Miscarriage and memorial ornaments are by far my biggest sellers. So many women are struggling with infertility and pregnancy and infant loss, and I wish I could tell all those women that they are not alone. Sadly, it’s a common thing that no one talks about, though more and more people are. What speaks of this is the changes made to two of my ornaments. They say, “You left footprints on my heart,” and “Always with me.” Almost always the customer changes it to say “on our hearts” and “with us.” It’s incredible to me. When I designed these ornaments, I was thinking about the woman who suffered the loss, but really it’s a family loss. The partner, grandparents, siblings, everybody experiences the grief. How awesome that they want to be included, too!

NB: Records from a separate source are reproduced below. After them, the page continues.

lemma convolution_erlang_mixture_density:
  assumes c: "0 < c" and p0: "pmf p 0 = 0" and q0: "pmf q 0 = 0"
  shows "(\<integral>\<^sup>+y. erlang_mixture c p (x - y) * erlang_mixture c q y \<partial>lborel)
       = erlang_mixture c (add_pmf p q) x"
proof -
  let ?e = "\<lambda>l y. ennreal (erlang_shape_density c l y)"
  have "(\<integral>\<^sup>+y. erlang_mixture c p (x - y) * erlang_mixture c q y \<partial>lborel)
      = (\<integral>\<^sup>+y. (\<Sum>a. \<Sum>b. ennreal (pmf p a) * ennreal (pmf q b) * (?e a (x - y) * ?e b y)) \<partial>lborel)"
  proof (intro nn_integral_cong)
    fix y
    have "erlang_mixture c p (x - y) * erlang_mixture c q y
        = (\<Sum>a. ennreal (pmf p a) * ?e a (x - y) * erlang_mixture c q y)"
      unfolding erlang_mixture_suminf[of c p] by (rule ennreal_suminf_multc[symmetric])
    also have "\<dots> = (\<Sum>a. \<Sum>b. ennreal (pmf p a) * ?e a (x - y) * (ennreal (pmf q b) * ?e b y))"
      unfolding erlang_mixture_suminf[of c q] ennreal_suminf_cmult[symmetric] ..
    finally show "erlang_mixture c p (x - y) * erlang_mixture c q y
        = (\<Sum>a. \<Sum>b. ennreal (pmf p a) * ennreal (pmf q b) * (?e a (x - y) * ?e b y))"
      by (simp only: mult_ac)
  qed
  also have "\<dots> = (\<Sum>a. \<Sum>b. \<integral>\<^sup>+y. ennreal (pmf p a) * ennreal (pmf q b) * (?e a (x - y) * ?e b y) \<partial>lborel)"
    by (subst nn_integral_suminf; (subst nn_integral_suminf)?) auto
  also have "\<dots> = (\<Sum>a. \<Sum>b. ennreal (pmf p a) * (ennreal (pmf q b) * ?e (a + b) x))"
  proof (intro suminf_cong)
    fix a b
    show "(\<integral>\<^sup>+y. ennreal (pmf p a) * ennreal (pmf q b) * (?e a (x - y) * ?e b y) \<partial>lborel)
       = ennreal (pmf p a) * (ennreal (pmf q b) * ?e (a + b) x)"
    proof (cases "a = 0 \<or> b = 0")
      case False
      then show ?thesis using c
        by (subst nn_integral_cmult) (auto simp: convolution_erlang_shape_density mult.assoc)
    qed (use p0 q0 in auto)
  qed
  also have "\<dots> = (\<integral>\<^sup>+a. \<integral>\<^sup>+b. ?e (a + b) x \<partial>q \<partial>p)"
    by (simp only: ennreal_suminf_cmult nn_integral_measure_pmf nn_integral_count_space_nat)
  also have "\<dots> = erlang_mixture c (add_pmf p q) x"
    unfolding erlang_mixture_def add_pmf_def nn_integral_map_pmf nn_integral_pair_pmf' by simp
  finally show ?thesis .
qed
text \<open>The two statements are proved together: the first covers partitions starting where
  \<open>g \<ge> 0\<close>, the second those starting where \<open>g \<le> 0\<close>, with the incoming slope \<open>p\<close> kept for \<open>g\<close>
  but reset to 0 for ReLU.\<close>

lemma slope_var_relu_sign_stable:
  assumes "sorted_wrt (<) ts" "sign_stable g ts" "ts \<noteq> []"
  shows "(0 \<le> g (hd ts) \<longrightarrow> (g (hd ts) = 0 \<longrightarrow> p \<le> 0) \<longrightarrow>
            slope_var (\<lambda>t. relu (g t)) p ts \<le> slope_var g p ts) \<and>
         (g (hd ts) \<le> 0 \<longrightarrow> (g (hd ts) = 0 \<longrightarrow> 0 \<le> p) \<longrightarrow>
            slope_var (\<lambda>t. relu (g t)) 0 ts \<le> slope_var g p ts + p)"
  using assms
proof (induction ts arbitrary: p rule: induct_list012)
  case (2 x)
  then show ?case by (auto simp: abs_if)
next
  case (3 a b zs)
  let ?u = "\<lambda>t. relu (g t)"
  define s where "s = slope g a b"
  have ab: "a < b" using "3.prems" by simp
  have IH: "(0 \<le> g b \<longrightarrow> (g b = 0 \<longrightarrow> q \<le> 0) \<longrightarrow> slope_var ?u q (b # zs) \<le> slope_var g q (b # zs)) \<and>
      (g b \<le> 0 \<longrightarrow> (g b = 0 \<longrightarrow> 0 \<le> q) \<longrightarrow> slope_var ?u 0 (b # zs) \<le> slope_var g q (b # zs) + q)" for q
    using "3.IH"(2)[of q] "3.prems" by simp
  have g_step: "slope_var g q (a # b # zs) = \<bar>s - q\<bar> + slope_var g s (b # zs)" for q
    by (simp add: s_def)
  show ?case
  proof (cases "0 \<le> g a \<and> 0 \<le> g b")
    case True
    then have "slope ?u a b = s" by (simp add: relu_def s_def slope_def)
    then have u_step: "slope_var ?u q (a # b # zs) = \<bar>s - q\<bar> + slope_var ?u s (b # zs)" for q
      by simp
    have "g b = 0 \<Longrightarrow> s \<le> 0" using True ab by (simp add: s_def slope_def divide_nonpos_pos)
    then have rest: "slope_var ?u s (b # zs) \<le> slope_var g s (b # zs)" using IH[of s] True by auto
    show ?thesis
    proof (intro conjI impI)
      show "slope_var ?u p (a # b # zs) \<le> slope_var g p (a # b # zs)"
        using rest unfolding u_step g_step by simp
    next
      assume "g (hd (a # b # zs)) \<le> 0"
      with True ab have "0 \<le> s" by (simp add: s_def slope_def)
      then have "\<bar>s\<bar> \<le> \<bar>s - p\<bar> + p" by linarith
      then show "slope_var ?u 0 (a # b # zs) \<le> slope_var g p (a # b # zs) + p"
        using rest unfolding u_step g_step by simp
    qed
  next
    case False
    then have neg: "g a \<le> 0" "g b \<le> 0" using "3.prems" by auto
    then have "slope ?u a b = 0" by (simp add: relu_def slope_def)
    then have u_step: "slope_var ?u q (a # b # zs) = \<bar>q\<bar> + slope_var ?u 0 (b # zs)" for q
      by simp
    have "g b = 0 \<Longrightarrow> 0 \<le> s" using neg ab by (simp add: s_def slope_def divide_nonpos_pos)
    then have rest: "slope_var ?u 0 (b # zs) \<le> slope_var g s (b # zs) + s" using IH[of s] neg by auto
    have "s - p \<le> \<bar>s - p\<bar>" by simp
    show ?thesis
    proof (intro conjI impI)
      assume "0 \<le> g (hd (a # b # zs))" "g (hd (a # b # zs)) = 0 \<longrightarrow> p \<le> 0"
      with neg ab have "s \<le> 0" "p \<le> 0" by (auto simp: s_def slope_def divide_nonpos_pos)
      then show "slope_var ?u p (a # b # zs) \<le> slope_var g p (a # b # zs)"
        using rest \<open>s - p \<le> \<bar>s - p\<bar>\<close> unfolding u_step g_step by simp
    next
      show "slope_var ?u 0 (a # b # zs) \<le> slope_var g p (a # b # zs) + p"
        using rest \<open>s - p \<le> \<bar>s - p\<bar>\<close> unfolding u_step g_step by simp
    qed
  qed
qed simp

The other big surprise to me is that miscarriage ornaments are often ordered as gifts for friends and family members. To me, it’s a personal thing that I’d want to pick out for myself, but why not give it as a gift? What a great reminder that women shouldn’t have to suffer in silence. The people ordering these ornaments are going out of their way to say, “We are a part of this, too.” I love it!

To all the women who are struggling with infertility or grieving the loss of a pregnancy or infant, you are not alone, and your babies are not forgotten. There are hundreds of support groups and sites dedicated to helping you with your grief, and of course, dozens of Etsy sellers here to help you find the perfect way to remember your little angel so you can grieve on your own timeline in your own way.